Çalışan annelerin sayısının artması ile bakıcı yerine kreş, anaokulu gibi eğitim veren kurumlar daha çok tercih edilmeye başlandı. Aynı zamanda çocuk oyun alanı, tiyatro, müzikal, oyun grupları gibi çocuklarla ilgili yapılan aktivitelerin sayısının artması ile çocukların kalabalık alanlarda bulunma sıklığı da artmış oldu. Uzmanlar, kreşe başlayan çocuklarda görülen enfeksiyonların da kış mevsimiyle artığını dile getiriyor. Altınbaş Üniversitesinden Mikrobiyolog Dr. Öğretim Üyesi İpek Ada Alver, hastalık belirtisi göstermeyen portörlerin, yani semptomsuz taşıyıcıların enfeksiyon etkenini vücutlarında barındırdığını ve bu durumun kreş dönemindeki çocuklarda sıklıkla görüldüğünü belirtti. Bu sebeple çocukların enfeksiyonu hızla çevrelerine bulaştırabildiklerini vurguladı.

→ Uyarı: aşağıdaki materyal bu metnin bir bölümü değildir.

lemma bdry_Int_H4:
  assumes V: "subspace V" and p: "p \<in> V" "p \<in> H4"
  shows "bdry (V \<inter> H4) = ideal_points V"
proof
  let ?K = "(\<lambda>x. (1 / x$0) *\<^sub>R x) ` (V \<inter> H4)"
  have "closed (V \<inter> {u. u$0 = 1})"
    by (intro closed_Int closed_subspace V closed_Collect_eq continuous_intros)
  moreover have "?K \<subseteq> V \<inter> {u. u$0 = 1}"
    using V by (auto simp: H4_def subspace_scale)
  ultimately have "closure ?K \<subseteq> V \<inter> {u. u$0 = 1}" by (intro closure_minimal)
  then show "bdry (V \<inter> H4) \<subseteq> ideal_points V" by (auto simp: bdry_def ideal_points_def)
  show "ideal_points V \<subseteq> bdry (V \<inter> H4)"
  proof
    fix u assume "u \<in> ideal_points V"
    then have u: "u \<in> V" "u$0 = 1" "minner u u = 0" by (auto simp: ideal_points_def)
    define k where "k = (1 / p$0) *\<^sub>R p"
    have p0: "p$0 > 0" using p by (simp add: H4_def)
    have k: "k \<in> V" "k$0 = 1" using p0 V p by (auto simp: k_def subspace_scale)
    have kk: "minner k k < 0" using p0 by (simp add: k_def minner_simps H4_minner_self[OF p(2)])
    define D where "D = k - u"
    have D0: "D$0 = 0" using k u by (simp add: D_def)
    have DD: "minner D D \<ge> 0" using minner_self_nonneg_if_time_0[OF D0] .
    \<comment> \<open>points of the Klein model approach u along the segment towards k\<close>
    have near: "u + t *\<^sub>R D \<in> ?K" if t: "0 < t" "t \<le> 1" for t
    proof (rule timelike_in_klein_image[OF V])
      show "u + t *\<^sub>R D \<in> V" using u k V by (simp add: D_def subspace_add subspace_scale subspace_diff)
      show "(u + t *\<^sub>R D) $ 0 = 1" using u D0 by simp
      have "k = u + D" by (simp add: D_def)
      then have "minner k k = 2 * minner u D + minner D D"
        using u by (simp add: minner_simps minner_commute[of D u])
      then have "minner (u + t *\<^sub>R D) (u + t *\<^sub>R D) = t * minner k k - t * (1 - t) * minner D D"
        using u by (simp add: minner_simps minner_commute[of D u] algebra_simps)
      also have "\<dots> < 0" using t DD kk by (smt (verit) mult_nonneg_nonneg mult_pos_neg)
      finally show "minner (u + t *\<^sub>R D) (u + t *\<^sub>R D) < 0" .
    qed
    have "u \<in> closure ?K"
      unfolding closure_approachable
    proof (intro allI impI)
      fix e :: real assume e: "e > 0"
      define t where "t = min 1 (e / (norm D + 1))"
      have nD: "norm D + 1 > 0" using norm_ge_zero[of D] by linarith
      have t: "0 < t" "t \<le> 1" using e nD by (auto simp: t_def)
      have "dist (u + t *\<^sub>R D) u = t * norm D" using t by (simp add: dist_norm)
      also have "\<dots> \<le> e / (norm D + 1) * norm D" by (intro mult_right_mono) (auto simp: t_def)
      also have "\<dots> < e" using e nD by (simp add: field_simps)
      finally show "\<exists>y\<in>?K. dist y u < e" using near[OF t] by blast
    qed
    then show "u \<in> bdry (V \<inter> H4)" using u by (simp add: bdry_def)
  qed
qed
(* Let $\Delta_{1,1}=\{A=(a_{ij})\in SL_3(\mathfrak{o}) : a_{21}a_{32}-a_{22}a_{31}\neq0\}$. Then $$\Delta_{1,1}=\bigsqcup_{\substack{y_1,y_2,y_3\in Y(\mathfrak{o})\\ y_2,y_3\neq I_2}}\ \bigsqcup_{d\in D(3)}\ \bigsqcup_{u\in U(3)} \varphi_2(y_1^{-1})\,\varphi_1(y_2^{-1})\,\varphi_2(y_3^{-1})\,d\,u\,\Gamma_\infty(3),$$ i.e. $\Delta_{1,1}$ is the union of these sets and they are pairwise disjoint for distinct tuples $(y_1,y_2,y_3,d,u)$.
   Context: Let $\omega=e^{2\pi i/3}$, $\mathfrak{o}=\mathbb{Z}[\omega]$, $\mathfrak{o}^\times$ its unit group. Fix representatives of nonzero elements modulo units ("$c\in(\mathfrak{o}-\{0\})/\mathfrak{o}^\times$") and, for each nonzero $c$, representatives of $\mathfrak{o}/c\mathfrak{o}$ ("$a\in\mathfrak{o}/c\mathfrak{o}$"). $Y(\mathfrak{o})=\{\begin{pmatrix}a&b\\c&d\end{pmatrix}\in SL_2(\mathfrak{o}) : c\in(\mathfrak{o}-\{0\})/\mathfrak{o}^\times,\ a\in\mathfrak{o}/c\mathfrak{o}\}\cup\{I_2\}$. $\Gamma(3)=\{A\in SL_3(\mathfrak{o}):A\equiv I_3\pmod{3\mathfrak{o}}\}$ (entrywise), $\Gamma_\infty(3)$ its subgroup of upper triangular unipotent matrices. $D(3)$: diagonal $\mathrm{diag}(i,j,k)$ with $i,j,k\in\mathfrak{o}$, $ijk=1$. $U(3)$: matrices $\begin{pmatrix}1&\alpha&\beta\\&1&\gamma\\&&1\end{pmatrix}$ with $\alpha,\beta,\gamma\in\{0,1,2\}+\{0,1,2\}\omega$. For $y=\begin{pmatrix}a&b\\c&d\end{pmatrix}\in SL_2(\mathfrak{o})$, $\varphi_1(y)=\begin{pmatrix}a&b&0\\c&d&0\\0&0&1\end{pmatrix}$, $\varphi_2(y)=\begin{pmatrix}1&0&0\\0&a&b\\0&c&d\end{pmatrix}$. *)

theory Defs
  imports "HOL-Analysis.Analysis"
begin

text \<open>The ring o = Z[omega], omega = exp(2 pi i/3), realised inside the complex numbers.\<close>

definition omega :: complex where
  "omega = Complex (-1/2) (sqrt 3 / 2)"

definition Eis :: "complex set" where
  "Eis = {of_int a + of_int b * omega | a b. True}"

definition Eis_units :: "complex set" where
  "Eis_units = {u \<in> Eis. \<exists>v\<in>Eis. u * v = 1}"
lemma layered_tree_deepen:
  assumes H: "loopless_multigraph V E ends"
    and T: "layered_tree V E ends w \<beta> R r U par pv \<delta>" and depth: "\<forall>x\<in>U. \<delta> x \<le> i"
    and blocked: "blocked_below E ends w \<beta> r U par \<delta> i" and i: "Suc i \<le> R"
  shows "\<exists>U' par' pv' \<delta>'. layered_tree V E ends w \<beta> R r U' par' pv' \<delta>' \<and> (\<forall>x\<in>U'. \<delta>' x \<le> Suc i) \<and>
           blocked_below E ends w \<beta> r U' par' \<delta>' (Suc i)"
proof -
  obtain U' par' pv' \<delta>' where T': "layered_tree V E ends w \<beta> R r U' par' pv' \<delta>'" and "U \<subseteq> U'"
    and new: "\<forall>x\<in>U'-U. \<delta>' x = Suc i" and agree: "\<forall>x\<in>U. par' x = par x \<and> \<delta>' x = \<delta> x"
    and depth': "\<forall>x\<in>U'. \<delta>' x \<le> Suc i"
    and saturated: "\<And>x e u. x \<in> U' \<Longrightarrow> \<delta>' x = i \<Longrightarrow> e \<in> E \<Longrightarrow> ends e = {u, x} \<Longrightarrow> u \<in> V \<Longrightarrow>
      u \<notin> U' \<Longrightarrow> \<exists>y\<in>U'-{r}. \<delta>' y + \<beta> \<le> \<delta>' x \<and> w e \<inter> w (par' y) \<noteq> {}"
    using layered_tree_saturate[OF H T depth i] by blast
  have blocked_i: "blocked_below E ends w \<beta> r U' par' \<delta>' i"
    using blocked_below_extend[OF blocked \<open>U \<subseteq> U'\<close>] agree new by auto
  have "blocked_below E ends w \<beta> r U' par' \<delta>' (Suc i)"
    unfolding blocked_below_def
  proof (intro ballI impI)
    fix x e assume x: "x \<in> U'" "\<delta>' x < Suc i" and e: "e \<in> E" "x \<in> ends e"
      and "e \<notin> par' ` (U' - {r})" and leaves: "\<not> ends e \<subseteq> U'"
    show "\<exists>y\<in>U'-{r}. \<delta>' y + \<beta> \<le> \<delta>' x \<and> w e \<inter> w (par' y) \<noteq> {}"
    proof (cases "\<delta>' x < i")
      case True
      then show ?thesis using blocked_i x(1) e \<open>e \<notin> _\<close> leaves unfolding blocked_below_def by blast
    next
      case False
      obtain u where u: "u \<in> ends e" "u \<notin> U'" using leaves by blast
      have "card (ends e) = 2" "ends e \<subseteq> V" using H e unfolding loopless_multigraph_def by auto
      hence "ends e = {u, x}" "u \<in> V" using card_2_eq_doubleton u x(1) e(2) by (metis, auto)
      then show ?thesis using saturated[OF x(1) _ e(1) _ _ u(2)] x(2) False by simp
    qed
  qed
  then show ?thesis using T' depth' by blast
qed

lemma blocked_layered_tree_exists:
  assumes H: "loopless_multigraph V E ends" and r: "r \<in> V"
  shows "\<exists>U par pv \<delta>. layered_tree V E ends w \<beta> R r U par pv \<delta> \<and> blocked_below E ends w \<beta> r U par \<delta> R"
proof -
  have "i \<le> R \<Longrightarrow> \<exists>U par pv \<delta>. layered_tree V E ends w \<beta> R r U par pv \<delta> \<and> (\<forall>x\<in>U. \<delta> x \<le> i) \<and>
          blocked_below E ends w \<beta> r U par \<delta> i" for i
  proof (induction i)
    case 0
    have "layered_tree V E ends w \<beta> R r {r} par pv (\<lambda>_. 0)" for par pv
      using r unfolding layered_tree_def by auto
    moreover have "blocked_below E ends w \<beta> r {r} par (\<lambda>_. 0) 0" for par
      unfolding blocked_below_def by auto
    ultimately show ?case by blast
  next
    case (Suc i)
    then obtain U par pv \<delta> where "layered_tree V E ends w \<beta> R r U par pv \<delta>" "\<forall>x\<in>U. \<delta> x \<le> i"
      "blocked_below E ends w \<beta> r U par \<delta> i" by (auto dest: Suc_leD)
    then show ?case using layered_tree_deepen[OF H] Suc.prems by blast
  qed
  then show ?thesis by blast
qed

section \<open>Counting the edges at a level\<close>

lemma card_conflicting_edges_le:
  fixes \<gamma> :: real and \<Sigma> :: "'c set" and w :: "'e \<Rightarrow> 'c set"
  assumes w_sub: "\<forall>e\<in>E. w e \<subseteq> \<Sigma>"
    and w_card: "\<forall>e\<in>E. finite (w e) \<and> real (card (w e)) \<le> \<gamma>"
    and c_card: "\<forall>c\<in>\<Sigma>. finite {e\<in>E. c \<in> w e} \<and> real (card {e\<in>E. c \<in> w e}) \<le> \<gamma>"
    and f: "f \<in> E"
  shows "real (card {e\<in>E. w e \<inter> w f \<noteq> {}}) \<le> \<gamma>^2"
proof -
  have "{e\<in>E. w e \<inter> w f \<noteq> {}} = (\<Union>c\<in>w f. {e\<in>E. c \<in> w e})" by auto
  hence "card {e\<in>E. w e \<inter> w f \<noteq> {}} \<le> (\<Sum>c\<in>w f. card {e\<in>E. c \<in> w e})"
    using w_card f by (simp add: card_UN_le)
  hence "real (card {e\<in>E. w e \<inter> w f \<noteq> {}}) \<le> real (\<Sum>c\<in>w f. card {e\<in>E. c \<in> w e})"
    by (simp only: of_nat_le_iff)
  also have "\<dots> = (\<Sum>c\<in>w f. real (card {e\<in>E. c \<in> w e}))" by simp
  also have "\<dots> \<le> (\<Sum>c\<in>w f. \<gamma>)" using c_card w_sub f by (intro sum_mono) auto
  also have "\<dots> = real (card (w f)) * \<gamma>" by simp
  also have "\<dots> \<le> \<gamma> * \<gamma>"
    using w_card f by (intro mult_right_mono) (auto intro: order_trans[OF of_nat_0_le_iff])
  finally show ?thesis by (simp add: power2_eq_square)
qed

lemma sum_card_incident_edges:
  assumes "finite A" "finite C" "\<forall>e\<in>C. ends e \<subseteq> A"
  shows "(\<Sum>v\<in>A. card {e\<in>C. v \<in> ends e}) = (\<Sum>e\<in>C. card (ends e))"
proof -
  have "(\<Sum>v\<in>A. card {e\<in>C. v \<in> ends e}) = (\<Sum>v\<in>A. \<Sum>e\<in>C. if v \<in> ends e then 1 else 0)"
    using assms(2) by (simp add: sum.If_cases Int_def)
  also have "\<dots> = (\<Sum>e\<in>C. \<Sum>v\<in>A. if v \<in> ends e then 1 else 0)" by (rule sum.swap)
  also have "\<dots> = (\<Sum>e\<in>C. card (ends e))"
    using assms by (intro sum.cong) (auto simp: sum.If_cases Int_absorb1)
  finally show ?thesis .
qed

locale layered_tree_graph =
  fixes V :: "'v set" and E :: "'e set" and ends :: "'e \<Rightarrow> 'v set" and w :: "'e \<Rightarrow> 'c set"
    and \<beta> R :: nat and r :: 'v and U :: "'v set" and par :: "'v \<Rightarrow> 'e" and pv :: "'v \<Rightarrow> 'v"
    and \<delta> :: "'v \<Rightarrow> nat"
  assumes graph: "loopless_multigraph V E ends" and tree: "layered_tree V E ends w \<beta> R r U par pv \<delta>"
begin

lemma finite_V: "finite V" and finite_E: "finite E" and card_ends: "e \<in> E \<Longrightarrow> card (ends e) = 2"
  using graph unfolding loopless_multigraph_def by auto

lemma finite_ends: "e \<in> E \<Longrightarrow> finite (ends e)"
  using card_ends by (metis card.infinite zero_neq_numeral)

lemma U_subset: "U \<subseteq> V" and root_in_U: "r \<in> U" and depth_root: "\<delta> r = 0"
  and depth_le: "x \<in> U \<Longrightarrow> \<delta> x \<le> R"
  using tree unfolding layered_tree_def by auto

lemma finite_U: "finite U"
  using U_subset finite_V finite_subset by blast

lemma par_in_E: "x \<in> U \<Longrightarrow> x \<noteq> r \<Longrightarrow> par x \<in> E"
  and pv_in_U: "x \<in> U \<Longrightarrow> x \<noteq> r \<Longrightarrow> pv x \<in> U"
  and ends_par: "x \<in> U \<Longrightarrow> x \<noteq> r \<Longrightarrow> ends (par x) = {x, pv x}"
  and depth_pv: "x \<in> U \<Longrightarrow> x \<noteq> r \<Longrightarrow> \<delta> x = Suc (\<delta> (pv x))"
  using tree unfolding layered_tree_def by blast+

lemma depth_conflict:
  "x \<in> U \<Longrightarrow> x \<noteq> r \<Longrightarrow> y \<in> U \<Longrightarrow> y \<noteq> r \<Longrightarrow> w (par x) \<inter> w (par y) \<noteq> {} \<Longrightarrow> \<delta> x \<le> \<delta> y + \<beta>"
  using tree unfolding layered_tree_def by blast

lemma depth_eq_0_imp_root: "x \<in> U \<Longrightarrow> \<delta> x = 0 \<Longrightarrow> x = r"
  using depth_pv by fastforce

lemma par_inj_on: "inj_on par (U - {r})"
proof (rule inj_onI, rule ccontr)
  fix x y assume xy: "x \<in> U - {r}" "y \<in> U - {r}" "par x = par y" "x \<noteq> y"
  hence "{x, pv x} = {y, pv y}" using ends_par by (metis Diff_iff insertCI)
  hence "x = pv y" "y = pv x" using xy(4) by (auto simp: doubleton_eq_iff)
  have "\<delta> x = Suc (\<delta> y)" using depth_pv[of x] xy \<open>y = pv x\<close> by simp
  moreover have "\<delta> y = Suc (\<delta> x)" using depth_pv[of y] xy \<open>x = pv y\<close> by simp
  ultimately show False by simp
qed

definition level :: "nat \<Rightarrow> 'v set" where
  "level k = {x\<in>U. \<delta> x = k}"

definition children :: "'v \<Rightarrow> 'v set" where
  "children v = {x\<in>U-{r}. pv x = v}"

definition chords :: "'e set" where
  "chords = {e\<in>E. e \<notin> par ` (U - {r}) \<and> ends e \<subseteq> U}"

definition exits :: "'v \<Rightarrow> 'e set" where
  "exits v = {e\<in>E. e \<notin> par ` (U - {r}) \<and> \<not> ends e \<subseteq> U \<and> v \<in> ends e}"

lemma finite_level: "finite (level k)"
  unfolding level_def using finite_U by simp

lemma finite_chords: "finite chords"
  unfolding chords_def using finite_E by simp

lemma level_0: "level 0 = {r}"
  unfolding level_def using root_in_U depth_root depth_eq_0_imp_root by blast

lemma mdegree_le_split:
  assumes "v \<in> U"
  shows "mdegree E ends v
    \<le> (if v = r then 0 else 1) + card (children v) + card {e\<in>chords. v \<in> ends e} + card (exits v)"
proof -
  define A where "A = (if v = r then {} else {v}) \<union> children v"
  have "{e\<in>E. v \<in> ends e} \<subseteq> par ` A \<union> {e\<in>chords. v \<in> ends e} \<union> exits v"
  proof
    fix e assume e: "e \<in> {e\<in>E. v \<in> ends e}"
    show "e \<in> par ` A \<union> {e\<in>chords. v \<in> ends e} \<union> exits v"
    proof (cases "e \<in> par ` (U - {r})")
      case True
      then obtain x where x: "x \<in> U - {r}" "e = par x" by blast
      hence "v = x \<or> v = pv x" using ends_par e by auto
      hence "x \<in> A" using x unfolding A_def children_def by auto
      thus ?thesis using x by blast
    next
      case False then show ?thesis using e unfolding chords_def exits_def by auto
    qed
  qed
  moreover have "finite A" unfolding A_def children_def using finite_U by simp
  ultimately have "mdegree E ends v \<le> card (par ` A \<union> {e\<in>chords. v \<in> ends e} \<union> exits v)"
    unfolding mdegree_def chords_def exits_def using finite_E by (intro card_mono) auto
  also have "\<dots> \<le> card (par ` A) + card {e\<in>chords. v \<in> ends e} + card (exits v)"
    by (meson card_Un_le add_le_mono1 le_trans)
  also have "card (par ` A) \<le> (if v = r then 0 else 1) + card (children v)"
    using card_image_le[OF \<open>finite A\<close>, of par] card_Un_le[of "if v = r then {} else {v}" "children v"]
    unfolding A_def by auto
  finally show ?thesis by linarith
qed

lemma sum_card_children_le: "(\<Sum>v\<in>level k. card (children v)) \<le> card (level (Suc k))"
proof -
  have "(\<Sum>v\<in>level k. card (children v)) = card (\<Union>v\<in>level k. children v)"
    using finite_level finite_U by (intro card_UN_disjoint[symmetric]) (auto simp: children_def)
  also have "\<dots> \<le> card (level (Suc k))"
    using finite_level depth_pv by (intro card_mono) (auto simp: children_def level_def)
  finally show ?thesis .
qed

lemma card_deep_tree_vertices:
  "card {y\<in>U-{r}. \<delta> y + \<beta> \<le> k} = (\<Sum>j<k-\<beta>. card (level (Suc j)))"
proof -
  have "{y\<in>U-{r}. \<delta> y + \<beta> \<le> k} = (\<Union>j<k-\<beta>. level (Suc j))"
  proof (intro equalityI subsetI)
    fix y assume y: "y \<in> {y\<in>U-{r}. \<delta> y + \<beta> \<le> k}"
    hence "\<delta> y = Suc (\<delta> (pv y))" using depth_pv by blast
    thus "y \<in> (\<Union>j<k-\<beta>. level (Suc j))" using y unfolding level_def
      by (intro UN_I[of "\<delta> (pv y)"]) auto
  next
    fix y assume "y \<in> (\<Union>j<k-\<beta>. level (Suc j))"
    then obtain j where "j < k - \<beta>" "y \<in> U" "\<delta> y = Suc j" unfolding level_def by blast
    thus "y \<in> {y\<in>U-{r}. \<delta> y + \<beta> \<le> k}" using depth_root by auto
  qed
  also have "card \<dots> = (\<Sum>j<k-\<beta>. card (level (Suc j)))"
  proof (rule card_UN_disjoint)
    show "\<forall>i\<in>{..<k-\<beta>}. \<forall>j\<in>{..<k-\<beta>}. i \<noteq> j \<longrightarrow> level (Suc i) \<inter> level (Suc j) = {}"
      unfolding level_def by auto
  qed (simp_all add: finite_level)
  finally show ?thesis .
qed

lemma card_UN_exits_level: "card (\<Union>v\<in>level k. exits v) = (\<Sum>v\<in>level k. card (exits v))"
proof (intro card_UN_disjoint finite_level ballI impI)
  show "finite (exits v)" for v unfolding exits_def using finite_E by simp
  fix v v' assume vv: "v \<in> level k" "v' \<in> level k" "v \<noteq> v'"
  show "exits v \<inter> exits v' = {}"
  proof (rule ccontr)
    assume "exits v \<inter> exits v' \<noteq> {}"
    then obtain e where e: "e \<in> E" "v \<in> ends e" "v' \<in> ends e" "\<not> ends e \<subseteq> U"
      unfolding exits_def by blast
    hence "ends e = {v, v'}" using card_2_eq_doubleton[OF card_ends] vv(3) by blast
    thus False using e(4) vv unfolding level_def by auto
  qed
qed

lemma exits_level_subset_conflicting:
  assumes blocked: "blocked_below E ends w \<beta> r U par \<delta> R" and k: "k < R"
  shows "(\<Union>v\<in>level k. exits v) \<subseteq> (\<Union>y\<in>{y\<in>U-{r}. \<delta> y + \<beta> \<le> k}. {e\<in>E. w e \<inter> w (par y) \<noteq> {}})"
proof
  fix e assume "e \<in> (\<Union>v\<in>level k. exits v)"
  then obtain v where v: "v \<in> U" "\<delta> v < R" "\<delta> v = k" "e \<in> exits v"
    unfolding level_def using k by blast
  hence e: "e \<in> E" "v \<in> ends e" "e \<notin> par ` (U - {r})" "\<not> ends e \<subseteq> U"
    unfolding exits_def by auto
  obtain y where "y \<in> U - {r}" "\<delta> y + \<beta> \<le> \<delta> v" "w e \<inter> w (par y) \<noteq> {}"
    using blocked[unfolded blocked_below_def, rule_format, OF v(1,2) e] by blast
  then show "e \<in> (\<Union>y\<in>{y\<in>U-{r}. \<delta> y + \<beta> \<le> k}. {e\<in>E. w e \<inter> w (par y) \<noteq> {}})"
    using e(1) v(3) by blast
qed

Kreş salgınlarında reenfeksiyon tehlikesi


Dr. Ada Alver, “Çocuklar enfeksiyon etkenleriyle yeni karşılaştıkları için birden fazla viral ve bakteriyel enfeksiyonu aynı anda ya da ardı ardına vücutlarında taşıyabilirler. Bu da reenfeksiyonların riskini artırır ve hastalığın daha ağır ve bulaşıcı geçmesine sebep olabilir” diye ekledi. “Son dönemde pnömoni (zatürre), bronşit, kızamık, COVID-19, influenza, adenovirüs, rotavirüs ve uyuz gibi çeşitli bakteriyel ve viral enfeksiyonların peş peşe çocukları enfekte ettiğini gözlemliyoruz” diyen Alver, ebeveynlerin sıklıkla tekrarlayan öksürük, burun tıkanıklığı ya da akıntısı, hapşırık, inatçı ateş, ishal ve kusma gibi semptomlarla karşılaştıklarının altını çizdi.


Dr. Ada Alver, bu semptomların önemli olduğunu ve erken tedavi edilmezse çocukta uzun süreli komplikasyonlara neden olabileceğini belirterek “Çocuk birden fazla enfeksiyon etkeni ile karşılaştığında bağışıklık sistemi düşebilir ve başka hastalıklara da açık hale gelebilir” dedi. Ebeveynleri bu konuda dikkatli olmaya çağırdı.


Kreşte verilecek ilk eğitim hijyen olmalı


İpek Ada Alver, kreş, anaokulu, oyun grupları gibi kalabalık alanlarda eğitim verenler olmak üzere ebeveynlere de enfeksiyon hastalıklarından nasıl korunulacağına dair eğitim vermenin gerekliğini anlattı. Aynı zamanda çocuklara el ve tuvalet hijyeni eğitimi verilmesini şart koşan Ada Alver yapılması gerekenleri şöyle özetledi:


“Kreşte yayılan salgınlara baktığımızda daha çok el hijyeni ve kontamine eşyaların ortak kullanımından kaynaklandığını görüyoruz. Kreş yönetimi ve eğitmenlere enfeksiyon hastalıkları farkındalık eğitimi verilmesini, kreşte ortak kullanım alanlarının her gün havalandırılmasını ya da hepa filtreli hava temizleyicileri kullanılmasını, çocuk oyun alanları ve oyuncakların dezenfeksiyonunu sağlamayı ve tuvaletleri dezenfekte etmeyi öneriyoruz.”


“Enfeksiyon zincirini kırın”


Diğer yandan enfeksiyona dair bulgusu olan çocukların da ebeveynlerine ivedilikle haber verilerek mutlaka uzman bir doktora götürülmesini istedi. Ada Alver, “Çocuk, evde en az bir hafta dinlenerek kalabalık ortamlardan uzak tutulmalı. Kreşe gelmeyerek enfeksiyon zincirinin kırılmasında etkili olacaktır” diyerek kreşteki salgınlardan korunmada dikkat edilecek noktalar konusunda bilgilendirmelerde bulundu.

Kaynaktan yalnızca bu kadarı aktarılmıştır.